TRIGA (Training, Research, Isotopes, General Atomics) is a class of nuclear research reactor designed and manufactured by General Atomics. The design team for TRIGA, which included Edward Teller, was led by the physicist Freeman Dyson.
TRIGA (Training, Research, Isotopes, General Atomics) is a class of nuclear research reactor designed and manufactured by General Atomics. The design team for TRIGA, which included Edward Teller, was led by the physicist Freeman Dyson.
TRIGA is a swimming pool reactor that can be installed without a containment building, and is designed for research and testing use by scientific institutions and universities for purposes such as undergraduate and graduate education, private commercial research, non-destructive testing and isotope production.
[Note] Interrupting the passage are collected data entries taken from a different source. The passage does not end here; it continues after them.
(* Let $\gamma>0$ and $\theta\in\mathbb R$. For each $L\ge2$ let $w_1,\dots,w_L\in\mathbb R$ with $|w_j|\ge2\gamma$ for all $j$, and consider on $\mathcal F(\mathbb C^L)$ $$\mathbf H_L=\sum_{j=1}^{L-1}w_j\,i{\mathfrak b}_{2j}{\mathfrak b}_{2j+1}+w_L\,i{\mathfrak b}_{2L}{\mathfrak b}_1 .$$ Then $\mathbf H_L$ has a spectral gap above its ground state energy that is bounded below uniformly in the length $L$ of the chain.
   Context: $\mathcal F(\mathbb C^L)$ is the fermionic Fock space with CAR operators ${\mathfrak a}_j$, $j=1,\dots,L$. Majorana operators: ${\mathfrak b}_{2j-1}=e^{i\theta/2}{\mathfrak a}_j+e^{-i\theta/2}{\mathfrak a}_j^*$, ${\mathfrak b}_{2j}=-ie^{i\theta/2}{\mathfrak a}_j+ie^{-i\theta/2}{\mathfrak a}_j^*$; in terms of these, $\mathbf H_L$ is the closed (periodic) Kitaev chain $\sum_{j=1}^{L-1}w_j[-({\mathfrak a}_j^*{\mathfrak a}_{j+1}+{\mathfrak a}_{j+1}^*{\mathfrak a}_j)+e^{i\theta}{\mathfrak a}_j{\mathfrak a}_{j+1}+e^{-i\theta}{\mathfrak a}_{j+1}^*{\mathfrak a}_j^*]+w_L[-({\mathfrak a}_L^*{\mathfrak a}_1+{\mathfrak a}_1^*{\mathfrak a}_L)+e^{i\theta}{\mathfrak a}_L{\mathfrak a}_1+e^{-i\theta}{\mathfrak a}_1^*{\mathfrak a}_L^*]$ with site-dependent couplings. The spectral gap above the ground state energy is the distance between the lowest eigenvalue and the next distinct eigenvalue. *)

theory Defs
  imports "Jordan_Normal_Form.Schur_Decomposition"
begin

text \<open>Fock space F(C^L) realised as C^(2^L): basis vector n < 2^L is the occupation
  state whose set of occupied sites is {j \<in> {1..L}. bit n (j-1)}.\<close>

definition annih :: "nat \<Rightarrow> nat \<Rightarrow> complex mat" where
  "annih L j = mat (2^L) (2^L) (\<lambda>(r, c).
     if bit c (j - 1) \<and> r = c - 2^(j - 1)
     then (-1) ^ card {k. k < j - 1 \<and> bit c k} else 0)"

definition creat :: "nat \<Rightarrow> nat \<Rightarrow> complex mat" where
  "creat L j = mat_adjoint (annih L j)"

definition majorana :: "real \<Rightarrow> nat \<Rightarrow> nat \<Rightarrow> complex mat" where
  "majorana \<theta> L k =
    (let j = (k + 1) div 2;
         e = cis (\<theta> / 2); e' = cis (- \<theta> / 2)
     in if odd k then e \<cdot>\<^sub>m annih L j + e' \<cdot>\<^sub>m creat L j
        else (- \<i> * e) \<cdot>\<^sub>m annih L j + (\<i> * e') \<cdot>\<^sub>m creat L j)"

definition mat_sum :: "nat \<Rightarrow> (nat \<Rightarrow> complex mat) \<Rightarrow> nat list \<Rightarrow> complex mat" where
  "mat_sum n f xs = foldr (\<lambda>j acc. f j + acc) xs (0\<^sub>m n n)"

definition kitaev_H :: "real \<Rightarrow> nat \<Rightarrow> (nat \<Rightarrow> real) \<Rightarrow> complex mat" where
  "kitaev_H \<theta> L w =
     mat_sum (2^L) (\<lambda>j. (complex_of_real (w j) * \<i>) \<cdot>\<^sub>m
                         (majorana \<theta> L (2*j) * majorana \<theta> L (2*j + 1))) [1..<L]
     + (complex_of_real (w L) * \<i>) \<cdot>\<^sub>m (majorana \<theta> L (2*L) * majorana \<theta> L 1)"

definition real_spec :: "complex mat \<Rightarrow> real set" where
  "real_spec H = {x. eigenvalue H (complex_of_real x)}"

definition ground_energy :: "complex mat \<Rightarrow> real" where
  "ground_energy H = Min (real_spec H)"

definition spectral_gap :: "complex mat \<Rightarrow> real" where
  "spectral_gap H = Min (real_spec H - {ground_energy H}) - ground_energy H"

end

theory Submission
  imports Defs
begin

(* Put A_j = i b_2j b_(2j+1) for j < L and A_L = i b_2L b_1, so that H_L = sum_j w_j A_j.
   By the Majorana relations the A_j are commuting involutions, and b_2j anticommutes with A_j
   while commuting with every A_k, k ~= j.  Hence each sign pattern s in {-1,1}^L is realised
   by a common eigenvector, and the spectrum of H_L is exactly {sum_j w_j s_j}.  The ground
   energy is -sum_j |w_j|, and every other eigenvalue flips at least one sign, which costs
   2 |w_j| >= 4 gamma. *)

section \<open>Sign sums\<close>

definition sign_sums :: "(nat \<Rightarrow> real) \<Rightarrow> nat set \<Rightarrow> real set" where
  "sign_sums w K = {\<Sum>j\<in>K. w j * s j | s. s \<in> K \<rightarrow> {-1, 1}}"

lemma finite_sign_sums:
  assumes "finite K"
  shows "finite (sign_sums w K)"
proof (rule finite_subset)
  show "sign_sums w K \<subseteq> (\<lambda>s. \<Sum>j\<in>K. w j * s j) ` (K \<rightarrow>\<^sub>E {-1, 1})"
  proof
    fix x assume "x \<in> sign_sums w K"
    then obtain s where s: "s \<in> K \<rightarrow> {-1, 1}" and x: "x = (\<Sum>j\<in>K. w j * s j)"
      unfolding sign_sums_def by blast
    have "x = (\<Sum>j\<in>K. w j * restrict s K j)" unfolding x by (rule sum.cong) auto
    moreover have "restrict s K \<in> K \<rightarrow>\<^sub>E {-1, 1}" using s by auto
    ultimately show "x \<in> (\<lambda>s. \<Sum>j\<in>K. w j * s j) ` (K \<rightarrow>\<^sub>E {-1, 1})" by blast
  qed
qed (use assms in \<open>intro finite_imageI finite_PiE, auto\<close>)

lemma sign_sum_eq_excess:
  fixes w s :: "nat \<Rightarrow> real"
  shows "(\<Sum>j\<in>K. w j * s j) = - (\<Sum>j\<in>K. \<bar>w j\<bar>) + (\<Sum>j\<in>K. w j * s j + \<bar>w j\<bar>)"
  by (simp add: sum.distrib)

lemma sign_term_excess:
  fixes w s :: "nat \<Rightarrow> real"
  assumes "s \<in> K \<rightarrow> {-1, 1}" "j \<in> K"
  shows "w j * s j + \<bar>w j\<bar> \<in> {0, 2 * \<bar>w j\<bar>}"
proof -
  have "s j = -1 \<or> s j = 1" using assms by auto
  thus ?thesis by (auto simp: abs_if)
qed

lemma Min_sign_sums:
  assumes "finite K"
  shows "Min (sign_sums w K) = - (\<Sum>j\<in>K. \<bar>w j\<bar>)"
proof (rule Min_eqI)
  show "finite (sign_sums w K)" using assms by (rule finite_sign_sums)
  define s where "s j = (if w j > 0 then -1 else 1 :: real)" for j
  have "- (\<Sum>j\<in>K. \<bar>w j\<bar>) = (\<Sum>j\<in>K. w j * s j)"
    by (simp add: s_def sum_negf[symmetric]) (rule sum.cong, auto)
  moreover have "s \<in> K \<rightarrow> {-1, 1}" by (simp add: s_def)
  ultimately show "- (\<Sum>j\<in>K. \<bar>w j\<bar>) \<in> sign_sums w K" unfolding sign_sums_def by blast
next
  fix x assume "x \<in> sign_sums w K"
  then obtain s where s: "s \<in> K \<rightarrow> {-1, 1}" and x: "x = (\<Sum>j\<in>K. w j * s j)"
    unfolding sign_sums_def by blast
  have "0 \<le> (\<Sum>j\<in>K. w j * s j + \<bar>w j\<bar>)"
    using sign_term_excess[where w = w, OF s] by (intro sum_nonneg) fastforce
  thus "- (\<Sum>j\<in>K. \<bar>w j\<bar>) \<le> x" using sign_sum_eq_excess[of w s K] x by linarith
qed

lemma sign_sums_gap:
  assumes "finite K" "\<forall>j\<in>K. c \<le> \<bar>w j\<bar>"
    and "x \<in> sign_sums w K" "x \<noteq> Min (sign_sums w K)"
  shows "Min (sign_sums w K) + 2 * c \<le> x"
proof -
  obtain s where s: "s \<in> K \<rightarrow> {-1, 1}" and x: "x = (\<Sum>j\<in>K. w j * s j)"
    using assms(3) unfolding sign_sums_def by blast
  note terms = sign_term_excess[where w = w, OF s]
  have excess: "x = Min (sign_sums w K) + (\<Sum>j\<in>K. w j * s j + \<bar>w j\<bar>)"
    using sign_sum_eq_excess[of w s K] x Min_sign_sums[OF assms(1)] by simp
  have "\<exists>k\<in>K. w k * s k + \<bar>w k\<bar> \<noteq> 0"
  proof (rule ccontr)
    assume "\<not> ?thesis"
    hence "x = Min (sign_sums w K)" using excess by simp
    thus False using assms(4) by simp
  qed
  then obtain k where k: "k \<in> K" and "w k * s k + \<bar>w k\<bar> \<noteq> 0" by blast
  hence "2 * c \<le> w k * s k + \<bar>w k\<bar>" using terms[OF k] assms(2) by auto
  also have "\<dots> \<le> (\<Sum>j\<in>K. w j * s j + \<bar>w j\<bar>)"
    using terms by (intro member_le_sum[OF k] assms(1)) fastforce+
  also have "\<dots> = x - Min (sign_sums w K)" using excess by simp
  finally show ?thesis by simp
qed

lemma Min_sign_sums_add_in_sign_sums:
  assumes "finite K" "k \<in> K"
  shows "Min (sign_sums w K) + 2 * \<bar>w k\<bar> \<in> sign_sums w K"
proof -
  define s where "s j = (if (w j > 0) = (j \<noteq> k) then -1 else 1 :: real)" for j
  have "(\<Sum>j\<in>K. w j * s j) = (\<Sum>j\<in>K. - \<bar>w j\<bar>) + 2 * \<bar>w k\<bar>"
  proof -
    have "(\<Sum>j\<in>K. w j * s j) = (\<Sum>j\<in>K. - \<bar>w j\<bar> + (if j = k then 2 * \<bar>w k\<bar> else 0))"
      by (rule sum.cong) (auto simp: s_def)
    also have "\<dots> = (\<Sum>j\<in>K. - \<bar>w j\<bar>) + 2 * \<bar>w k\<bar>"
      using assms by (simp only: sum.distrib sum.delta if_True)
    finally show ?thesis .
  qed
  moreover have "s \<in> K \<rightarrow> {-1, 1}" by (simp add: s_def)
  ultimately have "- (\<Sum>j\<in>K. \<bar>w j\<bar>) + 2 * \<bar>w k\<bar> \<in> sign_sums w K"
    unfolding sign_sums_def by (auto simp: sum_negf intro!: exI[of _ s])
  thus ?thesis by (simp only: Min_sign_sums[OF assms(1)])
qed

lemma spectral_gap_ge_if_real_spec_sign_sums:
  assumes "real_spec H = sign_sums w K" "finite K" "k \<in> K"
    and "0 < c" "\<forall>j\<in>K. c \<le> \<bar>w j\<bar>"
  shows "real_spec H - {ground_energy H} \<noteq> {} \<and> 2 * c \<le> spectral_gap H"
proof -
  let ?S = "sign_sums w K"
  have "Min ?S + 2 * \<bar>w k\<bar> \<in> ?S - {Min ?S}"
    using Min_sign_sums_add_in_sign_sums[OF assms(2,3)] assms(3-5) by auto
  hence nonempty: "?S - {Min ?S} \<noteq> {}" by blast
  have "Min (?S - {Min ?S}) \<in> ?S - {Min ?S}"
    using finite_sign_sums[OF assms(2)] nonempty by (intro Min_in) auto
  hence "Min ?S + 2 * c \<le> Min (?S - {Min ?S})"
    using sign_sums_gap[OF assms(2,5)] by blast
  thus ?thesis using nonempty
    unfolding spectral_gap_def ground_energy_def assms(1) by simp
qed

section \<open>Weighted sums of commuting involutions\<close>

lemma smult_mat_mult_vec:
  "M \<in> carrier_mat nr nc \<Longrightarrow> v \<in> carrier_vec nc \<Longrightarrow> (a \<cdot>\<^sub>m M) *\<^sub>v v = (a::complex) \<cdot>\<^sub>v (M *\<^sub>v v)"
  by (rule eq_vecI) (auto simp: scalar_prod_def sum_distrib_left algebra_simps)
The TRIGA reactor uses uranium zirconium hydride (UZrH) fuel, which has a large, prompt negative fuel temperature coefficient of reactivity, meaning that as the temperature of the core increases, the reactivity rapidly decreases. Because of this unique feature, it has been safely pulsed at a power of up to 22,000 megawatts. [1] The hydrogen in the fuel is bound in the uranium zirconium hydride crystal structure with a vibrational energy of 0.14eV. [2] When the core is hot, these levels fill and transfer energy to any cooler neutrons making them hot and, therefore, less reactive. TRIGA was originally designed to be fueled with highly enriched uranium, but in 1978 the US Department of Energy launched its Reduced Enrichment for Research Test Reactors program, which promoted reactor conversion to low-enriched uranium fuel. [3] [4]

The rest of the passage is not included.